350px-Balkans_regions_map

We traveled to Serbia to visit our son, Michael, who lives in Belgrade. As an undergraduate, Michael studied abroad at Jagiellonian University in Krakow, Poland, and returned to Krakow to complete a Master’s Degree in Eastern European Studies and International Relations.  The focus of his master’s thesis was Serbia which led him to conduct research in the country and he moved to Belgrade after completing his degree.  So far, we’ve visited three times–in 2010, 2011 and most recently in October, 2013.  Most of our time has been spent in the capital city of Belgrade (pop. approx. 1.7 million) but we’ve also traveled outside the city which I’ll cover in another post.

To be honest, my first impression of Belgrade was somewhat negative.  It seemed dreary and dirty to me, a typical Communist-era large city with lots of gray concrete buildings erected in the 1950’s and 60’s which led my husband, Jim, to dub it Bel-gray.  Then to further “cement” my unfavorable impression, we were required to register with the police within 24 hours of our arrival, a bureaucratic vestige of the old Communist state which troubled me.

Today, my impression is significantly different.  We were soon persuaded by warm and friendly Serbs to change our perceptions.  Then Michael gave us a book of humorous essays, A Guide to the Serbian Mentality, by Momo Kapor, which, upon reading, completed our conversion.  Yes, the concrete is still there and some of those buildings still strike me as depressing, but now I see the old architecture interspersed among the modern buildings and I observe preservation and restoration efforts occurring as well.  There is a lot of beauty just waiting to be discovered in both people and place.

One of the most attractive features of Belgrade is that it is likely the single most affordable city I’ve visited in Europe.  We rented an apartment in a different area each time but centrally located in Belgrade at a rate of $50-$70 per day.  All three were clean, recently renovated, nicely furnished, and had internet connection.  I’ve used FlipKey (click on it to see apartments and prices) to find accommodations with consistently satisfactory results.

Here are some of the sights and activities we’ve enjoyed in Belgrade.  (Hover to see captions or click to enlarge the photo.)

Belgrade Fortress in Kalemegdan Park

The fortress, overlooking the confluence of the Danube and Sava Rivers, was built during the 2nd century AD by the Romans, razed by invaders, and subsequently rebuilt numerous times until the 14th century (www.serbia.travel).   Today, there is a military museum with weaponry from medieval times through WW2 on the grounds that is worth seeing but the description of the exhibits was in Serbian without English translation.  The zoo is also part of Kalemegdan Park and although I have not visited, your nose will tell you when you’re getting close.

Cathedral of St. Sava

The Cathedral of St. Sava, named for the founder of the Serbian Orthodox Church, is one of the largest Orthodox churches in the world.  It’s been under construction for over 100 years and each time we’ve visited, scaffolding has been present inside the structure.

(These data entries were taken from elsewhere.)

definition head_move ::
  "'v set \<Rightarrow> 'v set \<Rightarrow> ('v \<times> 'v) set \<Rightarrow> 'v \<Rightarrow> 'v \<Rightarrow> 'v \<Rightarrow> 'v \<Rightarrow> 'v \<Rightarrow> 'v \<Rightarrow> 'v
   \<Rightarrow> 'v set \<Rightarrow> ('v \<times> 'v) set \<Rightarrow> bool" where
  "head_move X V E u v x1 y1 x2 y2 v' V' E' \<longleftrightarrow>
     phylo_net X V E \<and> (u, v) \<in> E \<and> is_retic V E v \<and>
     (x1, v) \<in> E \<and> x1 \<noteq> u \<and> (v, y1) \<in> E \<and>
     (x2, y2) \<in> E - {(u, v)} \<and> v' \<notin> V \<and>
     (\<exists>E3. suppress (insert v' V) (subdivide (E - {(u, v)}) (x2, y2) v') v V' E3 \<and>
           E' = insert (u, v') E3) \<and>
     phylo_net X V' E'"

definition tail_move ::
  "'v set \<Rightarrow> 'v set \<Rightarrow> ('v \<times> 'v) set \<Rightarrow> 'v \<Rightarrow> 'v \<Rightarrow> 'v \<Rightarrow> 'v \<Rightarrow> 'v
   \<Rightarrow> 'v set \<Rightarrow> ('v \<times> 'v) set \<Rightarrow> bool" where
  "tail_move X V E u v x2 y2 u' V' E' \<longleftrightarrow>
     phylo_net X V E \<and> (u, v) \<in> E \<and> is_split V E u \<and>
     (x2, y2) \<in> E - {(u, v)} \<and> u' \<notin> V \<and>
     (\<exists>E3. suppress (insert u' V) (subdivide (E - {(u, v)}) (x2, y2) u') u V' E3 \<and>
           E' = insert (u', v) E3) \<and>
     phylo_net X V' E'"

definition tail_step :: "'v set \<Rightarrow> (('v set \<times> ('v \<times> 'v) set) \<times> ('v set \<times> ('v \<times> 'v) set)) set" where
  "tail_step X = {((V, E), (V', E')). \<exists>u v x2 y2 u'. tail_move X V E u v x2 y2 u' V' E'}"

text \<open>Isomorphism of networks on X (fixing the leaves, i.e. preserving labels).\<close>
definition net_iso :: "'v set \<Rightarrow> 'v set \<times> ('v \<times> 'v) set \<Rightarrow> 'v set \<times> ('v \<times> 'v) set \<Rightarrow> bool" where
  "net_iso X N M \<longleftrightarrow> (\<exists>\<phi>. bij_betw \<phi> (fst N) (fst M) \<and>
      (\<forall>a \<in> fst N. \<forall>b \<in> fst N. (a, b) \<in> snd N \<longleftrightarrow> (\<phi> a, \<phi> b) \<in> snd M) \<and>
      (\<forall>x \<in> X. \<phi> x = x))"

end

theory Submission
  imports Defs "HOL-Combinatorics.Transposition"
begin
text \<open>Incidence independence: Im of the incidence map of R is the direct sum of the
  images of the incidence maps of the subnetworks.\<close>
definition incidence_independent :: "('c \<times> 'c) set \<Rightarrow> nat \<Rightarrow> (nat \<Rightarrow> ('c \<times> 'c) set) \<Rightarrow> bool" where
  "incidence_independent R k Rs \<longleftrightarrow>
     incidence_image R = {(\<lambda>c. \<Sum>i<k. v i c) | v. \<forall>i<k. v i \<in> incidence_image (Rs i)} \<and>
     (\<forall>v. (\<forall>i<k. v i \<in> incidence_image (Rs i)) \<and> (\<forall>c. (\<Sum>i<k. v i c) = 0) \<longrightarrow> (\<forall>i<k. \<forall>c. v i c = 0))"

text \<open>Paths are identified by their vertex and reaction sequences.\<close>
definition is_path :: "('c \<times> 'c) set \<Rightarrow> 'c \<Rightarrow> 'c \<Rightarrow> 'c list \<Rightarrow> ('c \<times> 'c) list \<Rightarrow> bool" where
  "is_path R y y' vs es \<longleftrightarrow> vs \<noteq> [] \<and> hd vs = y \<and> last vs = y' \<and> distinct vs \<and>
     length es = length vs - 1 \<and>
     (\<forall>j<length es. es ! j \<in> R \<and>
        (es ! j = (vs ! j, vs ! Suc j) \<or> es ! j = (vs ! Suc j, vs ! j)))"

end

theory Submission
  imports Defs
begin

text \<open>The image of the incidence map of a network is always the sum of the images for
  the parts of a decomposition; the point is that the sum is direct. Let vectors
  \<open>v\<^sub>i\<close> in the images of the parts sum to zero. A complex outside
  \<open>\<C>\<^sub>D = {y\<^sub>1, y\<^sub>2}\<close> occurs in at most one part, so every \<open>v\<^sub>i\<close> is supported on
  \<open>{y\<^sub>1, y\<^sub>2}\<close>. An incidence vector sums to zero over every linkage class, hence
  \<open>v\<^sub>i = 0\<close> unless \<open>y\<^sub>1\<close> and \<open>y\<^sub>2\<close> are linked within the part. Two parts linking them
  would yield two paths in the whole network with first reactions in disjoint parts,
  so at most one \<open>v\<^sub>i\<close> can be nonzero, and that one vanishes because the sum does.\<close>

abbreviation linked :: "('c \<times> 'c) set \<Rightarrow> 'c \<Rightarrow> 'c \<Rightarrow> bool" where
  "linked S a b \<equiv> (a, b) \<in> (S \<union> S\<inverse>)\<^sup>*"

lemma linked_sym: "linked S a b \<Longrightarrow> linked S b a"
  by (meson sym_Un_converse sym_rtrancl symD)

definition incidence_map :: "('c \<times> 'c) set \<Rightarrow> ('c \<times> 'c \<Rightarrow> real) \<Rightarrow> 'c \<Rightarrow> real" where
  "incidence_map S \<alpha> = (\<lambda>c. \<Sum>r\<in>S. \<alpha> r * (omega (snd r) c - omega (fst r) c))"

lemma incidence_image_eq_range: "incidence_image S = range (incidence_map S)"
  by (auto simp: incidence_image_def incidence_map_def)

lemma incidence_map_UN_disjoint:
  fixes k :: nat
  assumes "\<forall>i<k. finite (Rs i)" "\<forall>i<k. \<forall>j<k. i \<noteq> j \<longrightarrow> Rs i \<inter> Rs j = {}"
  shows "incidence_map (\<Union>i<k. Rs i) \<alpha> c = (\<Sum>i<k. incidence_map (Rs i) \<alpha> c)"
  unfolding incidence_map_def by (rule sum.UNION_disjoint) (use assms in auto)
lemma revlex_less_mul_last_var_pow_cancel:
  assumes "1 \<le> n" "a n = 0" "b n = 0"
    and deg: "mdeg n (mul_var_pow n c a) = mdeg n (mul_var_pow n d b)"
    and less: "revlex_less n (mul_var_pow n d b) (mul_var_pow n c a)"
  shows "c \<le> d \<and> revlex_less n b a"
proof -
  have n: "n \<in> {1..n}" using assms(1) by simp
  have cd: "c \<le> d" using revlex_less_last_var_le[OF less deg] assms(2,3) by simp
  have deg': "mdeg n a + c = mdeg n b + d" using deg by (simp add: mdeg_mul_var_pow[OF n])
  show ?thesis
  proof (cases "c = d")
    case False
    then show ?thesis using cd deg' by (simp add: revlex_less_if_mdeg_less)
  next
    case True
    obtain s where s: "s \<in> {1..n}" "\<forall>r\<in>{1..n}. s < r \<longrightarrow> mul_var_pow n c a r = mul_var_pow n d b r"
      "mul_var_pow n c a s < mul_var_pow n d b s"
      using less deg unfolding revlex_less_def by auto
    then have "s \<noteq> n" using True assms(2,3) by auto
    then show ?thesis
      using s True deg' assms(2,3) by (intro conjI revlex_lessI[of n a b s]) (auto split: if_splits)
  qed
qed

lemma almost_revlexD:
  "almost_revlex n I \<Longrightarrow> M \<in> mons n \<Longrightarrow> N \<in> mingens I \<Longrightarrow> mdeg n M = mdeg n N \<Longrightarrow>
    revlex_less n N M \<Longrightarrow> M \<in> I"
  unfolding almost_revlex_def by blast

lemma monomial_ideal_closed:
  "is_monomial_ideal n I \<Longrightarrow> a \<in> I \<Longrightarrow> b \<in> mons n \<Longrightarrow> mdvd a b \<Longrightarrow> b \<in> I"
  unfolding is_monomial_ideal_def by blast

lemma mingens_subset: "mingens I \<subseteq> I"
  unfolding mingens_def by blast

The Danube and Sava Rivers

The Danube and Sava Rivers offer several opportunities to tourists visiting Belgrade.  Stroll along the Danube and spend some time just sitting on a bench to read, relax, and enjoy the view.  You can also cruise the rivers by boat.  A 90 minute boat cruise costs less than $5 or you can rent a boat for the entire day.  We paid just over $100 through a private party for a half day rental including the captain who piloted the yacht.  We were fascinated by the miniature vacation homes floating on the Sava and disturbed to discover that their human waste goes directly into the river.  We also rented bikes at the Sportcenter on the Sava River for about $2 per hour or $6 for the day.  We rode along the bike trail next to the Sava River and crossed the bridge to the island of Ada Ciganlija, where an artificial lake has been created by connecting the island to the riverbank. Ada offers beaches, treated water in the lake for swimming, water skiing, and restaurants.

Republic Square and Knez Mihailova Street with a stop for a coffee.

Republic Square is a popular meeting place in the center of Belgrade and the location of the statue of Prince Mihailo (Michael), erected in 1882.  Prince Mihailo, an enlightened reformer, convinced the Ottomans to remove their garrison from Serbia and enacted various governmental reforms until his reign was cut short by his assassination in 1868.  Knez Mihailova (Prince Michael) Street, a pedestrian zone filled with shops and restaurants in beautiful 19th century buildings, is nearby.  When stopping for a coffee, however, whether on Knez Mihailova or elsewhere, be sure you don’t inadvertently order Turkish which has the grounds in the bottom of the cup.  I learned that lesson the hard way as I picked coffee grounds out of my teeth.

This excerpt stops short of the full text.